Supertraits - Beyond Empathy and Codependence in Survivors of Pathological Abuse
The profile of the conscienceless predator’s preferred prey - why it’s often not someone who starts out as the codependent, cowering doormat. Sandra L. Brown M.A and the Institute for Relational Harm Reduction.
The chemical dependency and withdrawal symptoms that cause a discarded source of supply to crash like going cold-turkey from any addictive drug.
Information Mining - how your hopes, dreams, fears, past traumas, and insecurities are gathered during Love-Bombing and remembered for later use as ammunition during the Devaluation and Discard Phases. Pretty soon, you may find yourself weaponizing them against yourself, using the very language your abuser hurled on you, but with far greater damage. You wind up doing their work for them while they kick back and leer. Oh. And while they hunt for new “better” sources of supply because you have become a malfunctioning piece of machinery that needs to be replaced. You may also need to be destroyed on the way to the Dumpster if you are a great enough threat.

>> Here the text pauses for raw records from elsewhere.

(* Let $f(1),f(2),\dots$ be a non-negative, non-decreasing sequence of real numbers with $$\sum_{n=1}^{\infty}\frac{f(n)}{n^2}=\infty.$$ Then there exists a sequence $b(1),b(2),\dots$ of rational numbers such that $$b(n+m)\le b(n)+b(m)+f(n+m)\quad\text{for all integers } n,m\ge 1,$$ and such that the map $n\mapsto b(n)/n$ is a bijection from the positive integers onto $\mathbb{Q}$, i.e. every rational number occurs exactly once among the values $b(n)/n$. *)

theory Defs
  imports "HOL-Analysis.Analysis"
begin

end

theory Submission
  imports Defs
begin
lemma du_alg_hom_class:
  assumes hom: "du_alg_hom \<alpha> \<beta> \<gamma> \<chi>" and f: "f \<in> carrier free_alg"
  shows "\<chi> (du_class \<alpha> \<beta> \<gamma> f) = fa_eval scal (\<chi> (du_d \<alpha> \<beta> \<gamma>)) (\<chi> (du_u \<alpha> \<beta> \<gamma>)) f"
proof -
  let ?x = "\<chi> (du_d \<alpha> \<beta> \<gamma>)" and ?y = "\<chi> (du_u \<alpha> \<beta> \<gamma>)"
  have "\<chi> (du_class \<alpha> \<beta> \<gamma> h) = (\<Sum>w\<in>W. scal (h w) * word_eval ?x ?y w)"
    if "finite W" "{w. h w \<noteq> 0} \<subseteq> W" for W h
    using that
  proof (induction W arbitrary: h rule: finite_induct)
    case empty
    then have "h = \<zero>\<^bsub>free_alg\<^esub>" by (auto simp: free_alg_simps)
    then show ?case
      using du_alg_hom_zero[OF hom] by (simp add: du_class_zero)
  next
    case (insert w W)
    define h' where "h' = h(w := 0)"
    have h': "h' \<in> carrier free_alg"
      using insert by (auto simp: free_alg_simps h'_def intro: finite_subset)
    have "h = h' \<oplus>\<^bsub>free_alg\<^esub> fa_monom w (h w)"
      by (auto simp: free_alg_simps h'_def fa_monom_def)
    then have "du_class \<alpha> \<beta> \<gamma> h
        = du_class \<alpha> \<beta> \<gamma> h' \<oplus>\<^bsub>down_up \<alpha> \<beta> \<gamma>\<^esub> du_class \<alpha> \<beta> \<gamma> (fa_monom w (h w))"
      using du_class_add[OF h' fa_monom_carrier] by metis
    then have "\<chi> (du_class \<alpha> \<beta> \<gamma> h)
        = \<chi> (du_class \<alpha> \<beta> \<gamma> h') + \<chi> (du_class \<alpha> \<beta> \<gamma> (fa_monom w (h w)))"
      using hom h' by (simp add: du_alg_hom_def du_class_carrier fa_monom_carrier)
    also have "\<chi> (du_class \<alpha> \<beta> \<gamma> h') = (\<Sum>v\<in>W. scal (h' v) * word_eval ?x ?y v)"
      by (rule insert.IH) (use insert.prems in \<open>auto simp: h'_def\<close>)
    also have "\<dots> = (\<Sum>v\<in>W. scal (h v) * word_eval ?x ?y v)"
      by (rule sum.cong) (use \<open>w \<notin> W\<close> in \<open>auto simp: h'_def\<close>)
    finally show ?case
      using insert.hyps by (simp add: du_alg_hom_monom[OF hom, of w] add.commute)
  qed
  then show ?thesis
    using f by (simp add: free_alg_simps fa_eval_def)
qed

And of course, The Debate. Personally, I like the word compassion better than sympathy. Remember that list of Supertraits that make me a tasty snack for predators? Remember how high Conscientiousness and Cooperation rank for me? Plus, I’m a fiction writer, and to write a good villain, you really do need to understand things from their perspective so this is something I’m practiced in doing. Every conscienceless predator I’ve ever tangled up with has been made that way by severe trauma, therefore, The Debate is one I consider a great deal while writing about this stuff. Doesn’t mean any abusive actions are excusable or that I am willing to engage at close range ever again. But the scientific/neurological understanding of these conditions, and human compassion… those are very important parts of my healing.

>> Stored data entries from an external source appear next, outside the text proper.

lemma bichar_inverse_right: "a \<in> \<Gamma> \<Longrightarrow> b \<in> \<Gamma> \<Longrightarrow> \<sigma> a (ginv b) = \<sigma> b a"
proof -
  assume ab: "a \<in> \<Gamma>" "b \<in> \<Gamma>"
  have "\<sigma> a (ginv b) * \<sigma> a b = 1"
    using ab bichar_mult_right[of a "ginv b" b] by simp
  moreover have "\<sigma> b a * \<sigma> a b = 1"
    using bichar_antisym[OF ab] by (simp add: mult.commute)
  ultimately have "\<sigma> a (ginv b) * \<sigma> a b = \<sigma> b a * \<sigma> a b"
    by simp
  moreover have "cmod (\<sigma> a b) = 1"
    using ab by simp
  then have "\<sigma> a b \<noteq> 0"
    by auto
  ultimately show ?thesis by simp
qed

lemma bichar_translate_right: "b \<in> \<Gamma> \<Longrightarrow> x \<in> \<Gamma> \<Longrightarrow> \<sigma> b (mul (ginv b) x) = \<sigma> b x"
  by (simp add: bichar_mult_right bichar_inverse_right)

abbreviation conv :: "('c \<Rightarrow> complex) \<Rightarrow> ('c \<Rightarrow> complex) \<Rightarrow> 'c \<Rightarrow> complex" where
  "conv \<equiv> tw_conv \<Gamma> mul ginv \<sigma>"

abbreviation tnorm :: "('c \<Rightarrow> complex) \<Rightarrow> real" where
  "tnorm \<equiv> cstar_norm \<Gamma> mul ginv \<sigma>"

lemma tw_conv_eq_sum:
  assumes "finite S" "S \<subseteq> \<Gamma>" "\<And>x. x \<in> \<Gamma> \<Longrightarrow> x \<notin> S \<Longrightarrow> f x = 0"
  shows "conv f \<xi> \<gamma> = (\<Sum>b\<in>S. f b * \<xi> (mul (ginv b) \<gamma>) * \<sigma> b (mul (ginv b) \<gamma>))"
  unfolding tw_conv_def by (rule sum.mono_neutral_left) (use assms in auto)

lemma tw_conv_eq_sum_support:
  "finite (support_on \<Gamma> f) \<Longrightarrow>
     conv f \<xi> \<gamma> = (\<Sum>b\<in>support_on \<Gamma> f. f b * \<xi> (mul (ginv b) \<gamma>) * \<sigma> b (mul (ginv b) \<gamma>))"
  by (rule tw_conv_eq_sum) (auto simp: support_on_def)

The dances I’ve made about this subject:
Ice Age - to Winter by Tori Amos
Demolition - to Mother also by Tori Amos
Dance With Darkness - to Isaac by Madonna
**Let it be known that I have never dated or been abused by somebody named Martin Burns, whose buddies all called him Burnsey. I named him that because he is my Martin Burney and yes, he did burn down my everything, complete with a hair-raising, terror-invoking song that is my Berlioz. Neither have I ever been discarded for and triangulated against a church-friend named Elissa Ainsley, or been inspired to take a dance class by somebody named Renee. So that makes this a work of fiction.

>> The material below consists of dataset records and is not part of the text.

definition tiling_set :: "nat \<Rightarrow> int set \<Rightarrow> 'a set \<Rightarrow> (int \<Rightarrow> 'a set set) \<Rightarrow> bool" where
  "tiling_set N D Z P \<longleftrightarrow> covering_structure D Z P \<and>
     (\<forall>n\<in>D. \<forall>m\<in>D. n < m \<longrightarrow> (\<forall>A\<in>P n.
         finite (subtiles P n (nat (m - n)) A) \<and>
         card (subtiles P n (nat (m - n)) A) = N ^ nat (m - n) \<and>
         A = \<Union>(subtiles P n (nat (m - n)) A))) \<and>
     (\<forall>n\<in>D. \<forall>A\<in>P n. \<forall>B\<in>P n. \<exists>m\<in>D. \<exists>C\<in>P m. A \<union> B \<subseteq> C)"

definition pre_tiling_space :: "nat \<Rightarrow> real \<Rightarrow> int set \<Rightarrow> 'a::metric_space set \<Rightarrow> (int \<Rightarrow> 'a set set) \<Rightarrow> bool" where
  "pre_tiling_space N s D Z P \<longleftrightarrow> s > 0 \<and> tiling_set N D Z P \<and>
     (\<exists>D1 D2. D1 > 0 \<and> D2 > 0 \<and> (\<forall>n\<in>D. \<forall>A\<in>P n.
        D1 \<le> diameter A / s powr (real_of_int n) \<and> diameter A / s powr (real_of_int n) \<le> D2)) \<and>
     (\<exists>E>0. \<forall>n\<in>D. \<forall>A\<in>P n. \<exists>p\<in>A. ball p (E * s powr (real_of_int n)) \<inter> Z \<subseteq> A)"

end

theory Submission
  imports Defs
begin

text \<open>A homogeneously bi-Hoelder map f distorts every distance d to somewhere between
  d^\<gamma>/L and L d^\<gamma>; in particular it is injective, so it transports the combinatorics of the
  tiling (numbers of subtiles, unions, common supertiles) unchanged to the image tiles. A tile of
  diameter comparable to s^n has an image of diameter comparable to (s^n)^\<gamma> = (s^\<gamma>)^n,
  and a ball of radius E s^n inside a tile maps onto a set containing the ball of radius
  E^\<gamma> (s^\<gamma>)^n / L about the image of its centre.\<close>

lemma diameter_image_le_powr:
  fixes g :: "'c \<Rightarrow> 'a::metric_space" and h :: "'c \<Rightarrow> 'b::metric_space"
  assumes bounded: "bounded (h ` A)" and C: "C \<ge> 0" and \<beta>: "\<beta> > 0"
    and holder: "\<And>x y. x \<in> A \<Longrightarrow> y \<in> A \<Longrightarrow> dist (g x) (g y) \<le> C * dist (h x) (h y) powr \<beta>"
  shows "bounded (g ` A)" and "diameter (g ` A) \<le> C * diameter (h ` A) powr \<beta>"
proof -
  have pointwise: "dist (g x) (g y) \<le> C * diameter (h ` A) powr \<beta>" if "x \<in> A" "y \<in> A" for x y
  proof -
    have "dist (h x) (h y) \<le> diameter (h ` A)"
      using diameter_bounded_bound[OF bounded] that by auto
    then have "C * dist (h x) (h y) powr \<beta> \<le> C * diameter (h ` A) powr \<beta>"
      using C \<beta> by (intro mult_left_mono powr_mono2) auto
    then show ?thesis
      using holder[OF that] by linarith
  qed
  then show "bounded (g ` A)"
    unfolding bounded_two_points by blast
  show "diameter (g ` A) \<le> C * diameter (h ` A) powr \<beta>"
    using pointwise C unfolding diameter_def[of "g ` A"] by (auto intro!: cSUP_least)
qed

Based on episodes of my life that are not.
© 2020 Hartebeast
It’s so interesting how the universe continues to subtlety nudge us in the direction we need to go, even when we ignore or resist the first few nudges.
Your story is equal parts harrowing and beautiful and as usual — I was struck numerous times by just how well you describe both your interior world and the external world.